Der Kläger veräußerte nahezu wertlose
Aktien an seine Sparkasse und machte in seiner Einkommensteuerklärung 2013
dafür Verluste mit € 5.759,78 geltend. Das Finanzamt (FA) berücksichtigte diese
Verluste mit der Begründung nicht, der Kläger habe diesbezüglich keine
Bescheinigung nach § 20 Abs. 6 Satz 6 EStG vorgelegt. Nach erfolglosem
Einspruch gab das Finanzgericht der Klage statt. Die Revision des beklagten FA
wurde zurückgewiesen.
Nach Auffassung des BFH handele
es sich hier um steuerlich anzuerkennende Verluste gemäß § 20 Abs. 2 Satz 1 Nr.

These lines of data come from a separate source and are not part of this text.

lemma grid_forecaster_take:
  assumes "t \<le> length h"
  shows "grid_forecaster m (take t h) =
    return_pmf (grid m (forecast_index m (map fst h) (shadow m (map fst h) t)))"
proof -
  have "shadow m (take t (map fst h)) t = shadow m (map fst h) t"
    by (rule shadow_cong) simp
  moreover have "forecast_index m (take t (map fst h)) (shadow m (map fst h) t) =
      forecast_index m (map fst h) (shadow m (map fst h) t)"
    by (rule forecast_index_cong) simp
  ultimately show ?thesis
    using assms by (simp add: grid_forecaster_def take_map [symmetric] min_absorb2)
qed

lemma dist_forecast_shadow_next_le:
  "\<bar>grid m (forecast_index m x q) - shadow_next m x q b\<bar> \<le> 1 / real m"
  unfolding shadow_next_def grid_def
  by (cases "forecast_index m x q") (auto simp: diff_divide_distrib [symmetric])

lemma valid_grid_forecaster: "0 < m \<Longrightarrow> valid_forecaster (grid_forecaster m)"
  unfolding valid_forecaster_def grid_forecaster_def
  using forecast_index_le(1) grid_bounds by auto

lemma set_pmf_play:
  assumes "h \<in> set_pmf (play n A F)"
  shows "length h = n \<and> (\<forall>t<n. snd (h ! t) \<in> set_pmf (F (take t h)))"
  using assms
proof (induction n arbitrary: h)
  case (Suc n)
  then obtain h0 x p where h0: "h0 \<in> set_pmf (play n A F)" and p: "p \<in> set_pmf (F h0)"
    and h: "h = h0 @ [(x, p)]"
    by auto
  with Suc.IH[OF h0] show ?case
    by (auto simp: nth_append less_Suc_eq)
qed simp

lemma caldist_play_grid_forecaster_le:
  assumes "0 < m" and h: "h \<in> set_pmf (play T A (grid_forecaster m))"
  shows "caldist (map fst h) (map snd h) \<le> real T / real m + (real m + 1)"
proof -
  define x where "x = map fst h"
  define q where "q = shadow m x T"
  have len: "length h = T"
    using set_pmf_play[OF h] by simp
  have "\<bar>map snd h ! t - q ! t\<bar> \<le> 1 / real m" if "t < T" for t
  proof -
    have "snd (h ! t) \<in> set_pmf (grid_forecaster m (take t h))"
      using set_pmf_play[OF h] that by simp
    then have "map snd h ! t = grid m (forecast_index m x (shadow m x t))"
      using that len by (simp add: grid_forecaster_take x_def)
    moreover have "q ! t = shadow_next m x (shadow m x t) (x ! t)"
      using that by (simp add: q_def nth_shadow)
    ultimately show ?thesis
      using dist_forecast_shadow_next_le by simp
  qed
  then have dist: "(\<Sum>t<T. \<bar>map snd h ! t - q ! t\<bar>) \<le> real T / real m"
    using sum_bounded_above[of "{..<T}" "\<lambda>t. \<bar>map snd h ! t - q ! t\<bar>" "1 / real m"] by simp
  have "(\<Sum>c\<in>set q. \<bar>bias x q c\<bar>) \<le> real (card (set q))"
    using sum_bounded_above[of "set q" "\<lambda>c. \<bar>bias x q c\<bar>" 1] abs_bias_shadow_le[OF assms(1)]
    by (simp add: q_def)
  also have "card (set q) \<le> card (grid m ` {..m})"
    using set_shadow_subset[OF assms(1)] by (simp add: q_def card_mono)
  also have "\<dots> \<le> m + 1"
    using card_image_le[of "{..m}" "grid m"] by simp
  finally have "(\<Sum>c\<in>set q. \<bar>bias x q c\<bar>) \<le> real m + 1"
    by simp
  with dist show ?thesis
    using caldist_le_dist_add_bias[of "map snd h" x q] len by (simp add: x_def q_def)
qed

lemma pmf_expectation_le_const:
  fixes f :: "'a \<Rightarrow> real"
  assumes "0 \<le> c" and "\<And>x. x \<in> set_pmf p \<Longrightarrow> f x \<le> c"
  shows "measure_pmf.expectation p f \<le> c"
proof (cases "integrable (measure_pmf p) f")
  case True
  then show ?thesis
    using assms(2) by (intro measure_pmf.integral_le_const) (auto simp: AE_measure_pmf_iff)
next
  case False
  then show ?thesis
    using assms(1) by (simp add: not_integrable_integral_eq)
qed

lemma div_ceiling_sqrt_add_ceiling_sqrt_le:
  fixes T :: real
  assumes "1 \<le> T"
  shows "T / \<lceil>sqrt T\<rceil> + \<lceil>sqrt T\<rceil> + 1 \<le> 4 * sqrt T"
proof -
  have "1 \<le> sqrt T"
    using assms by simp
  have "T / \<lceil>sqrt T\<rceil> \<le> T / sqrt T"
    using \<open>1 \<le> sqrt T\<close> assms by (intro divide_left_mono) auto
  also have "\<dots> = sqrt T"
    using assms by (simp add: real_div_sqrt)
  finally show ?thesis
    using \<open>1 \<le> sqrt T\<close> by linarith
qed

theorem theorem3:
  shows "\<exists>C>0. \<forall>T::nat. T > 0 \<longrightarrow>
    (\<exists>F. valid_forecaster F \<and>
      (\<forall>A::adversary. measure_pmf.expectation (play T A F)
          (\<lambda>h. caldist (map fst h) (map snd h)) \<le> C * sqrt (real T)))"
proof (intro exI[of _ 4] conjI allI impI)
  fix T :: nat
  assume "T > 0"
  define m where "m = nat \<lceil>sqrt (real T)\<rceil>"
  have "0 < m"
    using \<open>T > 0\<close> by (simp add: m_def)
  have "real T / real m + (real m + 1) \<le> 4 * sqrt (real T)"
    using div_ceiling_sqrt_add_ceiling_sqrt_le[of "real T"] \<open>T > 0\<close> by (simp add: m_def)
  then have "measure_pmf.expectation (play T A (grid_forecaster m))
      (\<lambda>h. caldist (map fst h) (map snd h)) \<le> 4 * sqrt (real T)" for A
    using caldist_play_grid_forecaster_le[OF \<open>0 < m\<close>]
    by (intro pmf_expectation_le_const) (auto intro: order_trans)
  with valid_grid_forecaster[OF \<open>0 < m\<close>] show "\<exists>F. valid_forecaster F \<and>
      (\<forall>A::adversary. measure_pmf.expectation (play T A F)
          (\<lambda>h. caldist (map fst h) (map snd h)) \<le> 4 * sqrt (real T))"
    by blast
qed simp

end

1 und Abs. 4 Satz 1 EStG. Danach sei auch ein negativer Gewinn und damit ein
Veräußerungsverlust (entsprechend der Regelung in § 20 Abs. 2 Satz zu den
Einkünften aus Kapitalvermögen) erfasst. Die Veräußerung sei die zumindest wirtschaftliche
Übertragung des Eigentums auf einen Dritten. Dieser Fall der entgeltlichen
Veräußerung läge auch vor, wenn wertlose Anteile zwischen fremden Dritten ohne
Gegenleistung übertragen würden (BFH, Urteil vom 06.04.2011 - IX R 61/10 -). Weitere Tatbestandmerkmale sehe das Gesetz
nicht vor. Insbesondere sei danach weder die Höhe der Gegenleistung noch die
Höhe anfallender Veräußerungskosten maßgeblich (entgegen BMF-Schreiben in BStBl
I 2016, 85 Rz. 59). Mithin läge hier bei der Veräußerung der Aktien zu € 8,00
bzw. € 6,00 abzüglich der Kosten eine steuerlich beachtliche Veräußerung vor.

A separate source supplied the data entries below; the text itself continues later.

lemma subgroup_sym_group_if_normal:
  assumes "subgroup H (sym_group n)" and "N \<lhd> (sym_group n)\<lparr>carrier := H\<rparr>"
  shows "subgroup N (sym_group n)"
  using group.incl_subgroup[OF sym_group_is_group assms(1) normal_imp_subgroup[OF assms(2)]] .

(* Elements of BijGroup are extensional, hence the restriction to {1..n}. *)
lemma group_action_subgroup_sym_group:
  assumes "subgroup K (sym_group n)"
  shows "group_action ((sym_group n)\<lparr>carrier := K\<rparr>) {1..n} (\<lambda>\<sigma>. restrict \<sigma> {1..n})"
proof -
  have perm: "\<sigma> permutes {1..n}" if "\<sigma> \<in> K" for \<sigma>
    using permutes_of_subgroup_sym_group[OF assms that] .
  have "(\<lambda>\<sigma>. restrict \<sigma> {1..n}) \<in> hom ((sym_group n)\<lparr>carrier := K\<rparr>) (BijGroup {1..n})"
  proof (rule homI)
    fix \<sigma> assume "\<sigma> \<in> carrier ((sym_group n)\<lparr>carrier := K\<rparr>)"
    then show "restrict \<sigma> {1..n} \<in> carrier (BijGroup {1..n})"
      using permutes_imp_bij[OF perm] by (simp add: BijGroup_def Bij_def)
  next
    fix \<sigma> \<tau>
    assume "\<sigma> \<in> carrier ((sym_group n)\<lparr>carrier := K\<rparr>)" "\<tau> \<in> carrier ((sym_group n)\<lparr>carrier := K\<rparr>)"
    then have \<sigma>: "\<sigma> permutes {1..n}" and \<tau>: "\<tau> permutes {1..n}"
      using perm by auto
    have "\<tau> x \<in> {1..n}" if "x \<in> {1..n}" for x
      using permutes_in_image[OF \<tau>] that by simp
    then show "restrict (\<sigma> \<otimes>\<^bsub>(sym_group n)\<lparr>carrier := K\<rparr>\<^esub> \<tau>) {1..n} =
          restrict \<sigma> {1..n} \<otimes>\<^bsub>BijGroup {1..n}\<^esub> restrict \<tau> {1..n}"
      using \<sigma> \<tau> by (auto simp: BijGroup_def Bij_def compose_def sym_group_mult permutes_imp_bij)
  qed
  then show ?thesis
    using subgroup.subgroup_is_group[OF assms sym_group_is_group] group_BijGroup
    by (simp add: group_action_def group_hom_def group_hom_axioms_def)
qed

lemma orbit_subgroup_sym_group:
  assumes "x \<in> {1..n}"
  shows "orbit ((sym_group n)\<lparr>carrier := K\<rparr>) (\<lambda>\<sigma>. restrict \<sigma> {1..n}) x =
    (\<lambda>\<sigma>. \<sigma> x) ` K"
  using assms unfolding orbit_def by auto

lemma orbit_subset_sym_group:
  assumes "subgroup K (sym_group n)" and "x \<in> {1..n}"
  shows "(\<lambda>\<sigma>. \<sigma> x) ` K \<subseteq> {1..n}"
proof (rule image_subsetI)
  fix \<sigma> assume "\<sigma> \<in> K"
  then show "\<sigma> x \<in> {1..n}"
    using permutes_in_image[OF permutes_of_subgroup_sym_group[OF assms(1)]] assms(2) by blast
qed

lemma transitive_on_points_iff_orbits:
  assumes "subgroup K (sym_group n)"
  shows "transitive_on_points n K \<longleftrightarrow> (\<forall>x\<in>{1..n}. (\<lambda>\<sigma>. \<sigma> x) ` K = {1..n})"
proof
  assume tr: "transitive_on_points n K"
  show "\<forall>x\<in>{1..n}. (\<lambda>\<sigma>. \<sigma> x) ` K = {1..n}"
  proof (intro ballI equalityI subsetI)
    fix x y assume "x \<in> {1..n}" "y \<in> (\<lambda>\<sigma>. \<sigma> x) ` K"
    then show "y \<in> {1..n}"
      using orbit_subset_sym_group[OF assms] by blast
  next
    fix x y assume "x \<in> {1..n}" "y \<in> {1..n}"
    then obtain \<sigma> where "\<sigma> \<in> K" "\<sigma> x = y"
      using transitive_on_pointsE[OF tr] by blast
    then show "y \<in> (\<lambda>\<sigma>. \<sigma> x) ` K"
      by (simp add: rev_image_eqI)
  qed
next
  assume orbits: "\<forall>x\<in>{1..n}. (\<lambda>\<sigma>. \<sigma> x) ` K = {1..n}"
  show "transitive_on_points n K"
    unfolding transitive_on_points_def
  proof (intro ballI)
    fix x y assume "x \<in> {1..n}" "y \<in> {1..n}"
    then have "y \<in> (\<lambda>\<sigma>. \<sigma> x) ` K"
      using orbits by blast
    then show "\<exists>\<sigma>\<in>K. \<sigma> x = y"
      by blast
  qed
qed

lemma transitive_on_points_dvd_card:
  assumes "subgroup K (sym_group n)" and "transitive_on_points n K" and "0 < n"
  shows "n dvd card K"
proof -
  let ?K = "(sym_group n)\<lparr>carrier := K\<rparr>" and ?\<phi> = "\<lambda>\<sigma>. restrict \<sigma> {1..n}"
  interpret A: group_action ?K "{1..n}" ?\<phi>
    using group_action_subgroup_sym_group[OF assms(1)] .
  have one: "1 \<in> {1..n}"
    using assms(3) by simp
  have "card ((\<lambda>\<sigma>. \<sigma> 1) ` K) * card (stabilizer ?K ?\<phi> 1) = card K"
    using A.orbit_stabilizer_theorem[OF one] unfolding orbit_subgroup_sym_group[OF one]
    by (simp add: order_def)
  then have "n * card (stabilizer ?K ?\<phi> 1) = card K"
    using assms(2) one by (simp add: transitive_on_points_iff_orbits[OF assms(1)])
  then show ?thesis
    by (metis dvd_triv_left)
qed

Das Fahlen einer Bescheinigung
der auszahlenden Stelle (hier: Sparkasse) iSv. § 43a Abs. 3 S. 4 EStG stehe der
Anwendung des § 29 Abs. 6 Satz 6 EStG auch nicht entgegen. Die Norm des § 43a
Abs. 3 Satz 4 EStG diene der Verhinderung eines doppelten Verlustabzugs. Diese
Gefahr sei hier nicht gegeben; die Sparkasse sei nach der veröffentlichten
Auffassung der Finanzverwaltung davon ausgegangen, dass der erzielte Verlust
steuerlich unbeachtlich sei. Es wäre reiner Formalismus auch in diesem Fall zu
verlangen, dass für die Verlustrechnung iSv. § 20 Abs. 6 Satz 6 EStG
erforderlich sei (BFH, Urteil vom 20.10.2016 - VIII R 55/13 -; BFH, Urteil vom
29.08.2017 - VIII R 23/15 -).
Der Einwand des beklagten FA, es
läge ein Gestaltungsmissbrauch vor (§ 42 AO), sei auch zurückzuweisen. Nach §
42 Abs. 1 Satz 1 AO könne das Steuergesetz nicht durch Gestaltungsmissbrauch
umgangen werden. Dieser Missbrauch sei anzunehmen, wenn eine unangemessene
Gestaltung gewählt würde, die beim Steuerpflichtigen oder einem Dritten im Vergleich
zu einer angemessenen Gestaltung zu einem gesetzlich nicht vorgesehenen
Steuervorteil führe. Alleine das Motiv, Steuern zu sparen, würde die Gestaltung
aber nicht missbräuchlich machen (BFH, Beschluss vom 29.11.1982 - GrS 1/81 -). Der Steuerpflichtige dürfe seine Verhältnisse
so ordnen, dass möglichst keine oder nur geringe Steuern anfallen (BFH, Urteil
vom 19.01.2017 - IV R 10/14 -). Erst
dann, wenn der Steuerpflichtige die vom Gesetzgeber vorausgesetzte Gestaltung nicht
zum Erreichen eines bestimmten wirtschaftlichen Ziels gebrauche, sondern dafür
einen ungewöhnlichen Weg wähle, auf dem
nach dem Willen des Gesetzgebers das Ziel nicht erreicht werden solle, wäre
eine Unangemessenheit nach § 42 AO anzunehmen. Dass sei z.B. der Fall, wenn das
Geschäft zu einer wirtschaftlichen Neutralisierung führe und nur steuerliche
Vorteile erreicht werden sollen oder die wirtschaftliche Auswirkung durch eine
gegenläufige Gestaltung kompensiert würde und sich danach lediglich als eine
formale Maßnahme darstelle.
Nach diesen Grundsätzen läge
vorliegend kein Missbrauch vor. Der Kläger habe das Ziel verfolgt, sich von
nahezu wertlosen Wertpapieren zu trennen, was sinnvoll nur durch Veräußerung
möglich gewesen sei. Auch könne der Zeitpunkt der Maßnahme dem
Steuerpflichtigen nicht vorgeschrieben werden; es läge in seinem Belieben, wann
er Wertpapiere kauft oder verkauft (BFH, Urteil vom 25.08.2009 -), womit der
Steuerpflichtige nur von den vom Gesetzgeber vorgegebenen
Gestaltungsmöglichkeiten Gebrauch mache. Ebensowenig könne (wie das FA meinte) vom
Steuerpflichtigen verlangt werden, die Wertpapiere in seinem Depot zu behalten,
um sie irgendwann evtl. schlicht auszubuchen. Dies würde (unabhängig von der
zivill- und steuerrechtlich nicht zu klärenden Problematik) die Dispositionsfreiheit
des Steuerpflichtigen unzulässig einschränken.